#### REQUIRED WORK:
Report each line of the records below that holds the word "diff".

MATERIAL PROVIDED: Begin

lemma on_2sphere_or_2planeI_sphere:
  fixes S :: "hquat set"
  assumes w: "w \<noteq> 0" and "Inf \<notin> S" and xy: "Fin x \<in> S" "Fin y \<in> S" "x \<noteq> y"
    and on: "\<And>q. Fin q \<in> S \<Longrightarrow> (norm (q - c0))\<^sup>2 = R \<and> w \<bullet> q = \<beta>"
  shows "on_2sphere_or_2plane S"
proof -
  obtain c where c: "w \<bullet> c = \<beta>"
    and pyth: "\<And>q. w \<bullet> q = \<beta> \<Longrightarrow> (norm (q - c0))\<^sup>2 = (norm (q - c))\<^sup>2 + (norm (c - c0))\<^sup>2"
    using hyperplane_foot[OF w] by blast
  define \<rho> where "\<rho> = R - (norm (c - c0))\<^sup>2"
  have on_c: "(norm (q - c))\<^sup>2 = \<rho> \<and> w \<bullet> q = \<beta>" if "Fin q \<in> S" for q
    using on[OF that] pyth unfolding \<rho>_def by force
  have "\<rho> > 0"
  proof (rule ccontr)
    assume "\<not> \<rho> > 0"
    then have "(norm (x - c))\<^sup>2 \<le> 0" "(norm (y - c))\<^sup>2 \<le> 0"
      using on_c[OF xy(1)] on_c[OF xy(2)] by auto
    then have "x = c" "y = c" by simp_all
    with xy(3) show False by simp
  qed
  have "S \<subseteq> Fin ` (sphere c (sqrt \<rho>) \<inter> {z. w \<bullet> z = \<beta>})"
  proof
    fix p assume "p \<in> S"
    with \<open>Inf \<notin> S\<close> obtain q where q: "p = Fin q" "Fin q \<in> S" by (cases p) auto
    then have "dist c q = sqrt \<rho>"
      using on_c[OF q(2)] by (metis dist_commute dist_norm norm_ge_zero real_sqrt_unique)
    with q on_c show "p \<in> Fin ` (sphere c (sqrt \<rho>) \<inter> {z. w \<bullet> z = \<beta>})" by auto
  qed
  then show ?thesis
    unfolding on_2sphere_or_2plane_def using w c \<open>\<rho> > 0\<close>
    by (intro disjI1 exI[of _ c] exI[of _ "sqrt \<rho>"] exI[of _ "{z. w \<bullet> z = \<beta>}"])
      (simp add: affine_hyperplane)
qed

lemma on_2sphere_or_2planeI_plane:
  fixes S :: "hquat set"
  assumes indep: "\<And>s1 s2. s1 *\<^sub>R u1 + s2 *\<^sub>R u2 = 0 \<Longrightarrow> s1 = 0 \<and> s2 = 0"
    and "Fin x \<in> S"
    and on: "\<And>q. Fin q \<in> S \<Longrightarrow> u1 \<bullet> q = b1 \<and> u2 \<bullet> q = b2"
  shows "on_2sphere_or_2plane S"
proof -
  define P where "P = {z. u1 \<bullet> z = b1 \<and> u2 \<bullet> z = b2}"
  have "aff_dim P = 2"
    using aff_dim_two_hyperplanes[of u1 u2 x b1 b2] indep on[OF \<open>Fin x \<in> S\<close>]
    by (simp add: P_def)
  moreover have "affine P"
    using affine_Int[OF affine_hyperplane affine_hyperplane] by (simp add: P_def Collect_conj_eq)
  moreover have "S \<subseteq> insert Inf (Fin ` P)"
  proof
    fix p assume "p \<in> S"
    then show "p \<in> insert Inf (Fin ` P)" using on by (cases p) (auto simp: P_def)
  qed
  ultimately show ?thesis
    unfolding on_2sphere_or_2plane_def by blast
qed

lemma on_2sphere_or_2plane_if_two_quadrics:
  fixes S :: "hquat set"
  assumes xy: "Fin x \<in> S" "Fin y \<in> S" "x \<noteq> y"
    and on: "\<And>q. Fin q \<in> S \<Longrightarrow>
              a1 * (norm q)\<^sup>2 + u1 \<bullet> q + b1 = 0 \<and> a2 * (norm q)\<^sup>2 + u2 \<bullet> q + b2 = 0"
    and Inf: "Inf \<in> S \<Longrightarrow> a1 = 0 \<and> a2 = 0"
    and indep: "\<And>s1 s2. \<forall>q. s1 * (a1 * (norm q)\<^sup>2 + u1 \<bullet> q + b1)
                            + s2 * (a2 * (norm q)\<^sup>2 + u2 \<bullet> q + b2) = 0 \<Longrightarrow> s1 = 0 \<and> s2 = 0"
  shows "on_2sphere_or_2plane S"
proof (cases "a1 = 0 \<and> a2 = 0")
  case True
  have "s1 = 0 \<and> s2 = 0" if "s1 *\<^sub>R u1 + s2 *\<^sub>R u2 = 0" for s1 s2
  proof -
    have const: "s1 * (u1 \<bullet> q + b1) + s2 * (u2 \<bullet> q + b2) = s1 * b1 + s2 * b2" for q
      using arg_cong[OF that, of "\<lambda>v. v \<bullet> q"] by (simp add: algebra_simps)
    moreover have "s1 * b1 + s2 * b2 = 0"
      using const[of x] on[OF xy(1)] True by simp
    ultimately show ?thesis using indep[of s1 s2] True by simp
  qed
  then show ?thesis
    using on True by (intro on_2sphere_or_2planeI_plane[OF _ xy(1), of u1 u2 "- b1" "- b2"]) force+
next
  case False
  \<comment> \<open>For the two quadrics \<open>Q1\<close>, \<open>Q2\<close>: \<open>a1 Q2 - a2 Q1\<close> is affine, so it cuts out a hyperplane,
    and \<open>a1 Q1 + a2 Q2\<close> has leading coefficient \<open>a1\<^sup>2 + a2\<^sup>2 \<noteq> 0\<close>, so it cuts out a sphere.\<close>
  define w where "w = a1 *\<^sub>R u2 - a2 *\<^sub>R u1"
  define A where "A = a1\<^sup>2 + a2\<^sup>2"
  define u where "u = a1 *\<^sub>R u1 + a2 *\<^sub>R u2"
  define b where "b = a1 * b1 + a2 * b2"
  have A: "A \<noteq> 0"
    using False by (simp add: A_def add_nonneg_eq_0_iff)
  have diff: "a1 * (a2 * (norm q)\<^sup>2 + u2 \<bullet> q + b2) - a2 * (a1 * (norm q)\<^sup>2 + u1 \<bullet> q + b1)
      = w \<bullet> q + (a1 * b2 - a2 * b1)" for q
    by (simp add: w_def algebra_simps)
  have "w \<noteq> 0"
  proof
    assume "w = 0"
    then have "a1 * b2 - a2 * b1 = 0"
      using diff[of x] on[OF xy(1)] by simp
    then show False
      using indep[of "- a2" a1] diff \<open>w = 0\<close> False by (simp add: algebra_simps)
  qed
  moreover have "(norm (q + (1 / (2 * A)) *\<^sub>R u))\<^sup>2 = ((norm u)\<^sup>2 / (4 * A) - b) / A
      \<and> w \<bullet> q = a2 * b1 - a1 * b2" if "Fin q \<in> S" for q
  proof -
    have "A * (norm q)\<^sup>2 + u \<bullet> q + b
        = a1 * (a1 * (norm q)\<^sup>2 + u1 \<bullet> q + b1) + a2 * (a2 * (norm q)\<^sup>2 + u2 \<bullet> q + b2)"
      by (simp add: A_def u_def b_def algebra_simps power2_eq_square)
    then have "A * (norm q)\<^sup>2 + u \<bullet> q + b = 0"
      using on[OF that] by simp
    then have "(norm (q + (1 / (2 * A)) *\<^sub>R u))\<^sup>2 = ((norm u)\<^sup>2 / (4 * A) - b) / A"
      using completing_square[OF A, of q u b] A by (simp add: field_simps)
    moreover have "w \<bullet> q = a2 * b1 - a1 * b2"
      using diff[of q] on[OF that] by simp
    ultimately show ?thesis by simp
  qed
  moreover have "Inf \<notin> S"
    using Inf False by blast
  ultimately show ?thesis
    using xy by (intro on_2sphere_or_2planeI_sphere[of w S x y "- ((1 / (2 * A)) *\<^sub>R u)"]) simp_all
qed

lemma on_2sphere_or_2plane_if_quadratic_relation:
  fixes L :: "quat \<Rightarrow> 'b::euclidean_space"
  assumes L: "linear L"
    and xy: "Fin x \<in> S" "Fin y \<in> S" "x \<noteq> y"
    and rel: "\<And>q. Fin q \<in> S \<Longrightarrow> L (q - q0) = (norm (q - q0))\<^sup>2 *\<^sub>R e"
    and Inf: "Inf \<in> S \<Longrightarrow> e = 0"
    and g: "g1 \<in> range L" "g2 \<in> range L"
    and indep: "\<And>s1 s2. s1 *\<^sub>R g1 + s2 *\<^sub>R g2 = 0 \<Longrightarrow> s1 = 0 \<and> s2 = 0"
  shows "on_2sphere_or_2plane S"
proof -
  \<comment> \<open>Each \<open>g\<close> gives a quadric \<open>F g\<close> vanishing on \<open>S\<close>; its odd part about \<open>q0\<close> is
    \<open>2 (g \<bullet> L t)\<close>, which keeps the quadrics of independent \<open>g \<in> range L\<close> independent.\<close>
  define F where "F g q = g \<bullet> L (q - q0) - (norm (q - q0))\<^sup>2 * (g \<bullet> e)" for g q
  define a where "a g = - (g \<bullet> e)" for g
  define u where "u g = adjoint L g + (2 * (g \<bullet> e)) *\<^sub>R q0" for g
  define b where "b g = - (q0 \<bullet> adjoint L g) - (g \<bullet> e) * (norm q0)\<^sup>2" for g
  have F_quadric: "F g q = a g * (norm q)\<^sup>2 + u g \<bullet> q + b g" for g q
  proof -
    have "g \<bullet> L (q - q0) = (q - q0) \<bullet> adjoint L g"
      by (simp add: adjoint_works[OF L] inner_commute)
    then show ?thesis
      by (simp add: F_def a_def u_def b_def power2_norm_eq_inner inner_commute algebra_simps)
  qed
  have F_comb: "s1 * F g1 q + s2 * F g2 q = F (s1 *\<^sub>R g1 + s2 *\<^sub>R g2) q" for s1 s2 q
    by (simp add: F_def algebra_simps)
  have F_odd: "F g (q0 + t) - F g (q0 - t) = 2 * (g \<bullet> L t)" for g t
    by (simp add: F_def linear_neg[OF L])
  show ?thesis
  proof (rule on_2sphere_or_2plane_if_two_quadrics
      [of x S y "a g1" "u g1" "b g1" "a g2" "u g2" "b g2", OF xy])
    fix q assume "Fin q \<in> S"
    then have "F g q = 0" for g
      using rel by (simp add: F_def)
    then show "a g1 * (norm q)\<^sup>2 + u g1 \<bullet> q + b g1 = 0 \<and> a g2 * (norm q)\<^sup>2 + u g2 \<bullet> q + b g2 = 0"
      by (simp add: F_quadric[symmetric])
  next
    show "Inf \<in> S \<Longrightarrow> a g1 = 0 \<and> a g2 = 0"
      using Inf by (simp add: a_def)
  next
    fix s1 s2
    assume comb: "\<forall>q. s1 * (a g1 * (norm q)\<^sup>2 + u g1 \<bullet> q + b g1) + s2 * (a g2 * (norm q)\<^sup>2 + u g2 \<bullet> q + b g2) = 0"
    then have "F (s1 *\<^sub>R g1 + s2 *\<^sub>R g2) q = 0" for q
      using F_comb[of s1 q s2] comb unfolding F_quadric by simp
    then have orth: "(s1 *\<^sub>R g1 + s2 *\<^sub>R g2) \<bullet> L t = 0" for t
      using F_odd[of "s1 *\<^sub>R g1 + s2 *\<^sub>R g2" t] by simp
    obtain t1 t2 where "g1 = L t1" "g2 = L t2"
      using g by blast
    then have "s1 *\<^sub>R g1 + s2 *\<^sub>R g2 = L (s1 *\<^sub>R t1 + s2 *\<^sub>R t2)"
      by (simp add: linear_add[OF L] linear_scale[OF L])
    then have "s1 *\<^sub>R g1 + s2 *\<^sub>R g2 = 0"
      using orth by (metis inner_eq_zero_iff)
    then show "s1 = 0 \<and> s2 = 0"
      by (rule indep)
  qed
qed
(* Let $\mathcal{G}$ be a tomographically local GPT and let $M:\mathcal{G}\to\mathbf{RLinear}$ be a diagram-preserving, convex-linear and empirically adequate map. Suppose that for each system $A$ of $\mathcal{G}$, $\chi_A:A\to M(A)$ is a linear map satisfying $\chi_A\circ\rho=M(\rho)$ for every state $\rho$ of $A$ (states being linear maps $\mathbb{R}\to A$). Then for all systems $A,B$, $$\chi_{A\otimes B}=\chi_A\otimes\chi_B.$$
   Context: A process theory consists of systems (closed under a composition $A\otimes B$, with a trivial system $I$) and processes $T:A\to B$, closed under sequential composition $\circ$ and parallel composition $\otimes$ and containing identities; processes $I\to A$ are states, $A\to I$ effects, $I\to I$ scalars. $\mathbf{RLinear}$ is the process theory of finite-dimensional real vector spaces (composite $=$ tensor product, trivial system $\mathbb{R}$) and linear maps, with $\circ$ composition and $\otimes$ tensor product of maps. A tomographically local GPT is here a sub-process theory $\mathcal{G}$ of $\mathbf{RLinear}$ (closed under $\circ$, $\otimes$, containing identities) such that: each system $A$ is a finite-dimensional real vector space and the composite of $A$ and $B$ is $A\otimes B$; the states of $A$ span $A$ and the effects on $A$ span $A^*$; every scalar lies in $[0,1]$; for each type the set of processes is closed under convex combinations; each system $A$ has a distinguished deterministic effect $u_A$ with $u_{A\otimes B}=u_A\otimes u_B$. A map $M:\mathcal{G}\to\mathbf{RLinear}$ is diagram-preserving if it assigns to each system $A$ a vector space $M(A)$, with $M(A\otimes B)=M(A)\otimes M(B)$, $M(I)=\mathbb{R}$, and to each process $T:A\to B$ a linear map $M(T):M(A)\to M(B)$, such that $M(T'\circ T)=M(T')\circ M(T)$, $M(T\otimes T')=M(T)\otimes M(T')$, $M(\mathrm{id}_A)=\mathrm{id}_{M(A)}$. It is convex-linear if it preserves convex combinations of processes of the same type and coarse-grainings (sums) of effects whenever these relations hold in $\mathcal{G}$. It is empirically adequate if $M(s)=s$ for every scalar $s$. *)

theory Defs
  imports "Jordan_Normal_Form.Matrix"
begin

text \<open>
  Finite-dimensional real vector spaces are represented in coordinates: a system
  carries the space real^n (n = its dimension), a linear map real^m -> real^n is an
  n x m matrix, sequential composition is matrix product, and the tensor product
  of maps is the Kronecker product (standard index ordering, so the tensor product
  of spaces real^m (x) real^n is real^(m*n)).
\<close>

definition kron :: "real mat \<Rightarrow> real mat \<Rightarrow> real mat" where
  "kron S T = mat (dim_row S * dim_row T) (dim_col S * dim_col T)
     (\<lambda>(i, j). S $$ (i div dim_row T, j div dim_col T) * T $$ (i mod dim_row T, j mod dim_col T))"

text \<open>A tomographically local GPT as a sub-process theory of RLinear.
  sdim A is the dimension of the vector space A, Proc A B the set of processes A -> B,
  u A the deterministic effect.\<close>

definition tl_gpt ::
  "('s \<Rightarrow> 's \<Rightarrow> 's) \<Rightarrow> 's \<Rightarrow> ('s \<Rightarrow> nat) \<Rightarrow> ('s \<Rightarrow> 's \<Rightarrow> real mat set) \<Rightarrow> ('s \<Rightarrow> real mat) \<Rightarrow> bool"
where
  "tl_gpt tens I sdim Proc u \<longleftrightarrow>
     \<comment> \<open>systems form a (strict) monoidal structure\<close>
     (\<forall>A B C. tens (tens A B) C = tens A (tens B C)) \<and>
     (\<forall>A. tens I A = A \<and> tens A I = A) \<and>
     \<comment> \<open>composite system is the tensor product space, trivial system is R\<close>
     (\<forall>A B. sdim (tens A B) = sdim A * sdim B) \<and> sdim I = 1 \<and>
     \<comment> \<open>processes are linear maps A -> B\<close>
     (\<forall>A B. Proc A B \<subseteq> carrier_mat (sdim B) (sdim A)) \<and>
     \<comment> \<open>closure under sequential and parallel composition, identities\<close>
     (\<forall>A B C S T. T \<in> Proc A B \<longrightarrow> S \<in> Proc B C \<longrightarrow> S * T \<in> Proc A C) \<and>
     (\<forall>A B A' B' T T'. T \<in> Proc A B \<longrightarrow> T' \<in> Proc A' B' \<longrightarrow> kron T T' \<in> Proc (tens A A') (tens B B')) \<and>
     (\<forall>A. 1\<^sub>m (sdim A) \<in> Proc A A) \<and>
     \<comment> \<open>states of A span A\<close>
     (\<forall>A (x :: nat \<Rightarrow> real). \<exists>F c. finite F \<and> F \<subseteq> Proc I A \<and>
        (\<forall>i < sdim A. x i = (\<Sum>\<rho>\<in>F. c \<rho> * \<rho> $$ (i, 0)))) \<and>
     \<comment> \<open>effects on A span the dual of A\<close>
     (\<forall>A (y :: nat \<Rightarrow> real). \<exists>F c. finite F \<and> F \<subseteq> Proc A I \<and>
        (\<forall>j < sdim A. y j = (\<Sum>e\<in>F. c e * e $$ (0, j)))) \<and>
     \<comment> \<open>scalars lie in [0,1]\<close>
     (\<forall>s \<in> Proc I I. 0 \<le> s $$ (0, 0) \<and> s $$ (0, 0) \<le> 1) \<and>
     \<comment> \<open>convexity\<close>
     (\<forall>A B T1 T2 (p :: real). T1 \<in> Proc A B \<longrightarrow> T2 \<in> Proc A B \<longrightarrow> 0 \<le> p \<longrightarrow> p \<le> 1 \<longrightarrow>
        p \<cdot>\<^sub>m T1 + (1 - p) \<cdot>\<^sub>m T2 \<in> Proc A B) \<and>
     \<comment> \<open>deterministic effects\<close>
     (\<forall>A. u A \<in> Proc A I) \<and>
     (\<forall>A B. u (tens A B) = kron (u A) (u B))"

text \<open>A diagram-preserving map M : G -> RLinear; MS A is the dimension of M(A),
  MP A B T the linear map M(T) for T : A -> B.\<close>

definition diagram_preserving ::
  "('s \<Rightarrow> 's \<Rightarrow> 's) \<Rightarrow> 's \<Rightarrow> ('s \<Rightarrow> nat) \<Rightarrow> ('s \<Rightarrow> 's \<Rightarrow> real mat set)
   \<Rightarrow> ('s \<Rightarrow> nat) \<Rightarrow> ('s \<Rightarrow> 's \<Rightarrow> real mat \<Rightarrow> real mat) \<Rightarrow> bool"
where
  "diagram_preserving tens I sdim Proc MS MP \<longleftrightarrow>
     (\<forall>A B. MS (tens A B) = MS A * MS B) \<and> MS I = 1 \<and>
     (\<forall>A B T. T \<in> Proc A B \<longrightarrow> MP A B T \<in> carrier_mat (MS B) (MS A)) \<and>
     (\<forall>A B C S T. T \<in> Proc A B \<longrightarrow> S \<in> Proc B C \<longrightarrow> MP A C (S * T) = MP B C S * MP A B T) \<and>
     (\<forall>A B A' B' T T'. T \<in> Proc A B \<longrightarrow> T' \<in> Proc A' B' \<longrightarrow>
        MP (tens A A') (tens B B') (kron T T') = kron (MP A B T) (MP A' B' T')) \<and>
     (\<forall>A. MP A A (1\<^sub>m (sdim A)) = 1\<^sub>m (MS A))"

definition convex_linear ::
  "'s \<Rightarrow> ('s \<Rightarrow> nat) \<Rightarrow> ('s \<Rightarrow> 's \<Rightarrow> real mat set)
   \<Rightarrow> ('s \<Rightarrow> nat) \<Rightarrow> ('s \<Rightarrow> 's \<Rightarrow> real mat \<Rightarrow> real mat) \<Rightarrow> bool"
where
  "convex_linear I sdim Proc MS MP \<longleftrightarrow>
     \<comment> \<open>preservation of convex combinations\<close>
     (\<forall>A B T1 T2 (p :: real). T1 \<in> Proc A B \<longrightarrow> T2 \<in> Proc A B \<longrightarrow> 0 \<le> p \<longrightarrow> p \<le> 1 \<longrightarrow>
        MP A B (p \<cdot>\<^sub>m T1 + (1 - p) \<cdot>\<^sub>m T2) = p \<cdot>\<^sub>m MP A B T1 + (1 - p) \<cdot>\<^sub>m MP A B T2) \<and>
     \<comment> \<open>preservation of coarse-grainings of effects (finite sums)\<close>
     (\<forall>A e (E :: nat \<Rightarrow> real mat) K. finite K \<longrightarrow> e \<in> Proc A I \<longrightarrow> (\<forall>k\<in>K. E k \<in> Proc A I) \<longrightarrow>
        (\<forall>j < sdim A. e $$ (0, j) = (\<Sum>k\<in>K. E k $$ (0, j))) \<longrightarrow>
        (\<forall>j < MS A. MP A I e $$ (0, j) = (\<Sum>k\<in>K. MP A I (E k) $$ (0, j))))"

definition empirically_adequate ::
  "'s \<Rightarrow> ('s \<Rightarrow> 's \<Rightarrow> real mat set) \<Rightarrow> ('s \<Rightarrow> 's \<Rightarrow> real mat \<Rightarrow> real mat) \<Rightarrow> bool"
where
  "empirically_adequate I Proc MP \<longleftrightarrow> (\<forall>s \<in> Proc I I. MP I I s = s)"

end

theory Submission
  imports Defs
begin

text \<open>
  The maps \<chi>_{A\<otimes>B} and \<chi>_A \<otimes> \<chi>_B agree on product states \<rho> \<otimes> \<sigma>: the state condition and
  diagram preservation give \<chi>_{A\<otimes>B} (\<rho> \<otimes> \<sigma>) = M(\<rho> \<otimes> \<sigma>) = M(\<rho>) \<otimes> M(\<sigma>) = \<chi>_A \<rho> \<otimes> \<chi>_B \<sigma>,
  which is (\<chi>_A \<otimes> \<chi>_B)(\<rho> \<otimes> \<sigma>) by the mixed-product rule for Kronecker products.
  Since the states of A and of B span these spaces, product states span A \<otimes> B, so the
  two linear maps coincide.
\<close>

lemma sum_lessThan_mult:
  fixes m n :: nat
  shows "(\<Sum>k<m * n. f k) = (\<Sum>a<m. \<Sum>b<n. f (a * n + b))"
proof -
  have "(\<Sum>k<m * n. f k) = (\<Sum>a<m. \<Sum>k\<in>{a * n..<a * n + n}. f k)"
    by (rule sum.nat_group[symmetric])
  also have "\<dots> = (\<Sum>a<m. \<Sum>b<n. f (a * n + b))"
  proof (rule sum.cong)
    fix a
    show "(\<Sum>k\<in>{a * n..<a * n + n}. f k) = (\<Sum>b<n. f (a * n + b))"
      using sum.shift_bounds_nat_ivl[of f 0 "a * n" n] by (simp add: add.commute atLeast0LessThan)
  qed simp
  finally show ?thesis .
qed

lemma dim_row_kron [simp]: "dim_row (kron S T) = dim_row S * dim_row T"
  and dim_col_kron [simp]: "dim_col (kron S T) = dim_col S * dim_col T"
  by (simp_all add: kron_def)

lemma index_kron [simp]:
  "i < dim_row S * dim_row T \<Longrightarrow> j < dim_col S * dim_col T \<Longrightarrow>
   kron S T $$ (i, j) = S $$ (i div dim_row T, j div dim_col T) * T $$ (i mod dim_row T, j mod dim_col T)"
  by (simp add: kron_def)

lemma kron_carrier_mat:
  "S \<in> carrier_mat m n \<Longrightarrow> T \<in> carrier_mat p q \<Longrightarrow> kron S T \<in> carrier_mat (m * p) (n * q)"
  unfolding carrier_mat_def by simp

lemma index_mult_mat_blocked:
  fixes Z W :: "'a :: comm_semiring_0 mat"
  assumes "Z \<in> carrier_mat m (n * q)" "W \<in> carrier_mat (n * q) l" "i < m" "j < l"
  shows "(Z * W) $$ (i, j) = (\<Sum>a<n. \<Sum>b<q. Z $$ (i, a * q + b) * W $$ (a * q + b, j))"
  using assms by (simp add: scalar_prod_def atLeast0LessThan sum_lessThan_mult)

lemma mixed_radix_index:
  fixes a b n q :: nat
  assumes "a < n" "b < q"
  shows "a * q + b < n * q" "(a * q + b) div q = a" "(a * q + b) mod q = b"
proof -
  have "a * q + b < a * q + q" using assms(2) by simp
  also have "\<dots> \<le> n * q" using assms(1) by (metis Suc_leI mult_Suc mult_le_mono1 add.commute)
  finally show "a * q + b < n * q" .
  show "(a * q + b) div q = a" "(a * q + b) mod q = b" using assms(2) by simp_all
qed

MATERIAL PROVIDED: End

#### RESULT FOR THIS TASK:
  have diff: "a1 * (a2 * (norm q)\<^sup>2 + u2 \<bullet> q + b2) - a2 * (a1 * (norm q)\<^sup>2 + u1 \<bullet> q + b1)
      using diff[of x] on[OF xy(1)] by simp
      using indep[of "- a2" a1] diff \<open>w = 0\<close> False by (simp add: algebra_simps)
      using diff[of q] on[OF that] by simp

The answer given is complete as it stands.